## What is required
The number of lines containing the word "intros" is all you should give; count them in the records below.
= = = =
(* Let $G$ be a nilpotent group of class $k$, let $v(\bar x,\bar z)$ be a group word in variables $\bar x=(x_1,\dots,x_n)$, $\bar z$ and their inverses, and let $\bar g$ be a tuple of elements of $G$ (of the length of $\bar z$) and $c\in G$. If the set $\{\bar h\in G^n:v(\bar h,\bar g)=c\}$ is $2^k$-large in $G^n$, then $v(\bar h,\bar g)=c$ for all $\bar h\in G^n$.
   Context: A subset $X$ of a group $K$ is $m$-large in $K$ if the intersection of any $m$ left translates $a_1X\cap\dots\cap a_mX$ ($a_i\in K$) is non-empty. *)

theory Defs
  imports "HOL-Algebra.Algebra"
begin

text \<open>Commutator set [A, B] and lower central series
  gamma 0 = G, gamma (Suc i) = subgroup generated by commutators [a, b], a in gamma i, b in G.
  (So gamma i is the (i+1)-th term of the lower central series in the usual 1-based indexing.)\<close>

definition commutator_set :: "('a, 'b) monoid_scheme \<Rightarrow> 'a set \<Rightarrow> 'a set \<Rightarrow> 'a set" where
  "commutator_set G A B =
     (\<Union>a \<in> A. \<Union>b \<in> B. {inv\<^bsub>G\<^esub> a \<otimes>\<^bsub>G\<^esub> inv\<^bsub>G\<^esub> b \<otimes>\<^bsub>G\<^esub> a \<otimes>\<^bsub>G\<^esub> b})"

fun lower_central :: "('a, 'b) monoid_scheme \<Rightarrow> nat \<Rightarrow> 'a set" where
  "lower_central G 0 = carrier G"
| "lower_central G (Suc i) = generate G (commutator_set G (lower_central G i) (carrier G))"

definition nilpotent_of_class :: "('a, 'b) monoid_scheme \<Rightarrow> nat \<Rightarrow> bool" where
  "nilpotent_of_class G k \<longleftrightarrow>
     group G \<and> lower_central G k = {\<one>\<^bsub>G\<^esub>} \<and> (\<forall>j < k. lower_central G j \<noteq> {\<one>\<^bsub>G\<^esub>})"

definition m_large :: "('a, 'b) monoid_scheme \<Rightarrow> nat \<Rightarrow> 'a set \<Rightarrow> bool" where
  "m_large K m S \<longleftrightarrow>
     (\<forall>a. (\<forall>i < m. a i \<in> carrier K) \<longrightarrow> (\<Inter>i < m. l_coset K (a i) S) \<noteq> {})"
lemma noetherian_family_Times:
  assumes "noetherian_family \<A>" "noetherian_family \<B>"
  shows "noetherian_family {U \<times> V | U V. U \<in> \<A> \<and> V \<in> \<B>}"
proof (rule ccontr)
  assume not_noetherian: "\<not> ?thesis"
  obtain R :: "nat \<Rightarrow> _" where R: "range R \<subseteq> {U \<times> V | U V. U \<in> \<A> \<and> V \<in> \<B>}"
    and bad: "\<And>n. \<not> R n \<subseteq> (\<Union>k<n. R k)"
    by (rule not_noetherian_family_sequence[OF not_noetherian]) blast
  have "\<forall>n. \<exists>U V. U \<in> \<A> \<and> V \<in> \<B> \<and> R n = U \<times> V"
    using R by blast
  then obtain U V where UV: "\<And>n. U n \<in> \<A>" "\<And>n. V n \<in> \<B>" "\<And>n. R n = U n \<times> V n"
    by metis
  have "\<forall>n. \<exists>z. z \<in> U n \<times> V n \<and> (\<forall>k<n. z \<notin> U k \<times> V k)"
  proof
    fix n
    show "\<exists>z. z \<in> U n \<times> V n \<and> (\<forall>k<n. z \<notin> U k \<times> V k)"
      using bad[of n] unfolding UV(3) subset_iff UN_iff lessThan_iff by blast
  qed
  then obtain z where z: "\<And>n. z n \<in> U n \<times> V n" "\<And>k n. k < n \<Longrightarrow> z n \<notin> U k \<times> V k"
    by metis
  have "fst (z n) \<notin> U k \<or> snd (z n) \<notin> V k" if "k < n" for k n
    using z(2)[OF that] by (simp add: mem_Times_iff)
  \<comment> \<open>Colour \<open>k < n\<close> by the coordinate of \<open>z n\<close> escaping \<open>U k \<times> V k\<close>.\<close>
  then obtain Y where "infinite Y"
    "(\<forall>k\<in>Y. \<forall>n\<in>Y. k < n \<longrightarrow> fst (z n) \<notin> U k) \<or> (\<forall>k\<in>Y. \<forall>n\<in>Y. k < n \<longrightarrow> snd (z n) \<notin> V k)"
    by (rule Ramsey_pairs_two_relations)
  moreover have "\<exists>k\<in>Y. \<exists>n\<in>Y. k < n \<and> fst (z n) \<in> U k"
    using z(1) by (intro noetherian_family_recurrence[OF assms(1) \<open>infinite Y\<close>]) (auto simp: UV mem_Times_iff)
  moreover have "\<exists>k\<in>Y. \<exists>n\<in>Y. k < n \<and> snd (z n) \<in> V k"
    using z(1) by (intro noetherian_family_recurrence[OF assms(2) \<open>infinite Y\<close>]) (auto simp: UV mem_Times_iff)
  ultimately show False
    by blast
qed

section \<open>Generated topologies\<close>

lemma openin_gen_top: "openin (gen_top \<B>) = generate_topology \<B>"
proof -
  have "istopology (generate_topology \<B>)"
    unfolding istopology_def by (auto intro: generate_topology.intros)
  then show ?thesis
    unfolding gen_top_def by (rule topology_inverse')
qed

lemma topspace_gen_top [simp]: "topspace (gen_top \<B>) = UNIV"
  unfolding topspace_def openin_gen_top by (auto intro: generate_topology.UNIV)

lemma generate_topology_subbase_le:
  assumes "generate_topology \<B> U" "\<And>B. B \<in> \<B> \<Longrightarrow> generate_topology \<B>' B"
  shows "generate_topology \<B>' U"
  using assms by (induction rule: generate_topology.induct) (auto intro: generate_topology.intros)

lemma top_le_gen_top_mono:
  assumes "\<B> \<subseteq> \<B>'"
  shows "top_le (gen_top \<B>) (gen_top \<B>')"
  unfolding top_le_def openin_gen_top
proof (intro allI impI)
  fix U assume "generate_topology \<B> U"
  then show "generate_topology \<B>' U"
    by (rule generate_topology_subbase_le) (use assms in \<open>auto intro: generate_topology.Basis\<close>)
qed

lemma compact_space_noetherian_subbase:
  assumes "noetherian_family \<B>" "K \<subseteq> \<Union>\<B>"
  shows "compact_space (topology (arbitrary union_of (finite intersection_of (\<lambda>B. B \<in> \<B>) relative_to K)))"
proof (rule Alexander_subbase_alt[OF assms(2)])
  fix \<C> assume "\<C> \<subseteq> \<B>" "K \<subseteq> \<Union>\<C>"
  then obtain \<C>' where "\<C>' \<subseteq> \<C>" "finite \<C>'" "\<Union>\<C>' = \<Union>\<C>"
    using assms(1) unfolding noetherian_family_def by meson
  moreover have "K \<subseteq> \<Union>\<C>'"
    using \<open>\<Union>\<C>' = \<Union>\<C>\<close> \<open>K \<subseteq> \<Union>\<C>\<close> by simp
  ultimately show "\<exists>\<C>'. finite \<C>' \<and> \<C>' \<subseteq> \<C> \<and> K \<subseteq> \<Union>\<C>'"
    by blast
qed simp
lemma all_seq_image_iff:
  fixes f :: "'a \<Rightarrow> 'b" and P :: "(nat \<Rightarrow> 'b) \<Rightarrow> bool"
  assumes "f ` A = B"
  shows "(\<forall>y. (\<forall>n. y n \<in> B) \<longrightarrow> P y) \<longleftrightarrow> (\<forall>x. (\<forall>n. x n \<in> A) \<longrightarrow> P (f \<circ> x))"
proof (intro iffI allI impI)
  fix y :: "nat \<Rightarrow> 'b"
  assume "\<forall>x. (\<forall>n. x n \<in> A) \<longrightarrow> P (f \<circ> x)" "\<forall>n. y n \<in> B"
  moreover have "f \<circ> (inv_into A f \<circ> y) = y"
    using \<open>\<forall>n. y n \<in> B\<close> assms by (auto simp: f_inv_into_f)
  ultimately show "P y"
    using assms by (metis comp_apply inv_into_into)
qed (use assms in auto)

lemma nonunital_ring_iso_inv_into:
  assumes "is_ideal I" "nonunital_ring_iso f I J"
  shows "nonunital_ring_iso (inv_into I f) J I"
  unfolding nonunital_ring_iso_def
proof (intro conjI ballI)
  have bij: "bij_betw f I J"
    using assms(2) unfolding nonunital_ring_iso_def by blast
  then show "bij_betw (inv_into I f) J I"
    by (rule bij_betw_inv_into)
  fix u v
  assume "u \<in> J" "v \<in> J"
  then obtain x y where xy: "x \<in> I" "y \<in> I" "u = f x" "v = f y"
    using bij by (metis bij_betw_imp_surj_on imageE)
  have inv_f: "z \<in> I \<Longrightarrow> inv_into I f (f z) = z" for z
    using bij by (simp add: bij_betw_def)
  have "u + v = f (x + y)" "u * v = f (x * y)"
    using assms(2) xy unfolding nonunital_ring_iso_def by simp_all
  then show "inv_into I f (u + v) = inv_into I f u + inv_into I f v"
    and "inv_into I f (u * v) = inv_into I f u * inv_into I f v"
    using xy inv_f is_ideal_add[OF assms(1)] is_ideal_mult_left[OF assms(1)] by simp_all
qed

locale ideal_iso =
  fixes I :: "'a::comm_ring_1 set" and J :: "'b::comm_ring_1 set" and f :: "'a \<Rightarrow> 'b"
  assumes ideal_I: "is_ideal I" and ideal_J: "is_ideal J" and iso: "nonunital_ring_iso f I J"
begin

lemma bij: "bij_betw f I J"
  using iso unfolding nonunital_ring_iso_def by blast

lemma map_add: "x \<in> I \<Longrightarrow> y \<in> I \<Longrightarrow> f (x + y) = f x + f y"
  using iso unfolding nonunital_ring_iso_def by blast

lemma map_mult: "x \<in> I \<Longrightarrow> y \<in> I \<Longrightarrow> f (x * y) = f x * f y"
  using iso unfolding nonunital_ring_iso_def by blast

lemma map_in: "x \<in> I \<Longrightarrow> f x \<in> J"
  using bij bij_betwE by blast

lemma map_0: "f 0 = 0"
  using map_add[OF is_ideal_0[OF ideal_I] is_ideal_0[OF ideal_I]] by simp

lemma map_minus: "x \<in> I \<Longrightarrow> f (- x) = - f x"
  using map_add[of x "- x"] is_ideal_minus[OF ideal_I] map_0 by (simp add: neg_eq_iff_add_eq_0[symmetric])

lemma map_diff: "x \<in> I \<Longrightarrow> y \<in> I \<Longrightarrow> f (x - y) = f x - f y"
  using map_add[of x "- y"] map_minus[of y] is_ideal_minus[OF ideal_I, of y] by simp

lemma map_eq_0_iff: "x \<in> I \<Longrightarrow> f x = 0 \<longleftrightarrow> x = 0"
  using bij map_0 is_ideal_0[OF ideal_I] unfolding bij_betw_def inj_on_def by metis

lemma map_prod_list: "set xs \<subseteq> I \<Longrightarrow> xs \<noteq> [] \<Longrightarrow> f (prod_list xs) = prod_list (map f xs)"
proof (induction xs)
  case (Cons y ys)
  then show ?case
    by (cases "ys = []") (auto simp: map_mult prod_list_in_ideal[OF ideal_I])
qed simp

lemma map_prod_span:
  assumes "1 \<le> n" "a \<in> prod_span I n"
  shows "f a \<in> prod_span J n"
  using assms(2)
proof induction
  case zero
  then show ?case by (simp add: map_0 prod_span.zero)
next
  case (prod_list xs)
  then have "prod_list (map f xs) \<in> prod_span J n"
    using map_in by (intro prod_span.prod_list) auto
  moreover have "xs \<noteq> []"
    using prod_list assms(1) by auto
  ultimately show ?case
    using prod_list by (simp add: map_prod_list)
next
  case (add a b)
  then have "a \<in> I" "b \<in> I"
    using prod_span_subset[OF ideal_I assms(1)] by auto
  with add show ?case
    by (simp add: map_add prod_span.add)
next
  case (minus a)
  then have "a \<in> I"
    using prod_span_subset[OF ideal_I assms(1)] by auto
  with minus show ?case
    by (simp add: map_minus prod_span.minus)
qed

lemma map_ideal_pow: "a \<in> ideal_pow I n \<Longrightarrow> f a \<in> ideal_pow J n"
  using map_prod_span ideal_pow_eq_prod_span[OF ideal_I] ideal_pow_eq_prod_span[OF ideal_J]
  by (cases "n = 0") (auto simp: ideal_pow_0)

lemma inverse: "ideal_iso J I (inv_into I f)"
  using ideal_I ideal_J nonunital_ring_iso_inv_into[OF ideal_I iso] by unfold_locales

lemma ideal_pow_iff: "a \<in> I \<Longrightarrow> f a \<in> ideal_pow J n \<longleftrightarrow> a \<in> ideal_pow I n"
  using map_ideal_pow ideal_iso.map_ideal_pow[OF inverse, of "f a" n] bij
  by (auto simp: bij_betw_def)

lemma adic_cauchy_iff: "\<forall>n. x n \<in> I \<Longrightarrow> adic_cauchy J (f \<circ> x) \<longleftrightarrow> adic_cauchy I x"
  unfolding adic_cauchy_def by (simp add: map_diff[symmetric] ideal_pow_iff is_ideal_diff[OF ideal_I])

lemma adic_limit_iff:
  "\<forall>n. x n \<in> I \<Longrightarrow> a \<in> I \<Longrightarrow> adic_limit J (f \<circ> x) (f a) \<longleftrightarrow> adic_limit I x a"
  unfolding adic_limit_def by (simp add: map_diff[symmetric] ideal_pow_iff is_ideal_diff[OF ideal_I])

lemma adic_separated_iff: "adic_separated J \<longleftrightarrow> adic_separated I"
proof -
  have "adic_separated J \<longleftrightarrow> (\<forall>z\<in>I. (\<forall>n. f z \<in> ideal_pow J n) \<longrightarrow> f z = 0)"
    using bij_betw_imp_surj_on[OF bij] unfolding adic_separated_iff_in_ideal[OF ideal_J] by blast
  also have "\<dots> \<longleftrightarrow> adic_separated I"
    unfolding adic_separated_iff_in_ideal[OF ideal_I] by (simp add: ideal_pow_iff map_eq_0_iff)
  finally show ?thesis .
qed

lemma adic_complete_iff: "adic_complete J \<longleftrightarrow> adic_complete I"
proof -
  have "adic_complete J \<longleftrightarrow>
      (\<forall>y. (\<forall>n. y n \<in> J) \<longrightarrow> adic_cauchy J y \<longrightarrow> (\<exists>!b. b \<in> J \<and> adic_limit J y b))"
    by (simp add: adic_complete_iff_ex1_limit[OF ideal_J] imp_conjL)
  also have "\<dots> \<longleftrightarrow> (\<forall>x. (\<forall>n. x n \<in> I) \<longrightarrow>
      adic_cauchy J (f \<circ> x) \<longrightarrow> (\<exists>!b. b \<in> J \<and> adic_limit J (f \<circ> x) b))"
    by (rule all_seq_image_iff[OF bij_betw_imp_surj_on[OF bij]])
  also have "\<dots> \<longleftrightarrow> (\<forall>x. (\<forall>n. x n \<in> I) \<longrightarrow>
      adic_cauchy I x \<longrightarrow> (\<exists>!a. a \<in> I \<and> adic_limit I x a))"
    by (simp add: adic_cauchy_iff ex1_bij_betw_iff[OF bij] adic_limit_iff cong: conj_cong)
  also have "\<dots> \<longleftrightarrow> adic_complete I"
    by (simp add: adic_complete_iff_ex1_limit[OF ideal_I] imp_conjL)
  finally show ?thesis .
qed

end

theorem lemma3p9:
  fixes I :: "'a::comm_ring_1 set"
  assumes "is_ideal I"
  shows "(adic_separated I \<longleftrightarrow>
           (\<forall>x. (\<forall>n. x n \<in> I) \<and> adic_cauchy I x \<longrightarrow>
              (\<forall>a b. a \<in> I \<and> b \<in> I \<and> adic_limit I x a \<and> adic_limit I x b \<longrightarrow> a = b)))
       \<and> (adic_complete I \<longleftrightarrow>
           (\<forall>x. (\<forall>n. x n \<in> I) \<and> adic_cauchy I x \<longrightarrow>
              (\<exists>!a. a \<in> I \<and> adic_limit I x a)))
       \<and> (\<forall>(J :: 'b::comm_ring_1 set) f. is_ideal J \<and> nonunital_ring_iso f I J \<longrightarrow>
              (adic_separated I \<longleftrightarrow> adic_separated J) \<and>
              (adic_complete I \<longleftrightarrow> adic_complete J))"
proof -
  have "(adic_separated I \<longleftrightarrow> adic_separated J) \<and> (adic_complete I \<longleftrightarrow> adic_complete J)"
    if "is_ideal J" "nonunital_ring_iso f I J" for J :: "'b::comm_ring_1 set" and f
  proof -
    interpret ideal_iso I J f
      using assms that by unfold_locales
    show ?thesis
      using adic_separated_iff adic_complete_iff by simp
  qed
  then show ?thesis
    unfolding adic_separated_iff_unique_limits[OF assms, symmetric]
      adic_complete_iff_ex1_limit[OF assms, symmetric]
    by blast
qed

end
= = = =
## Your solution
2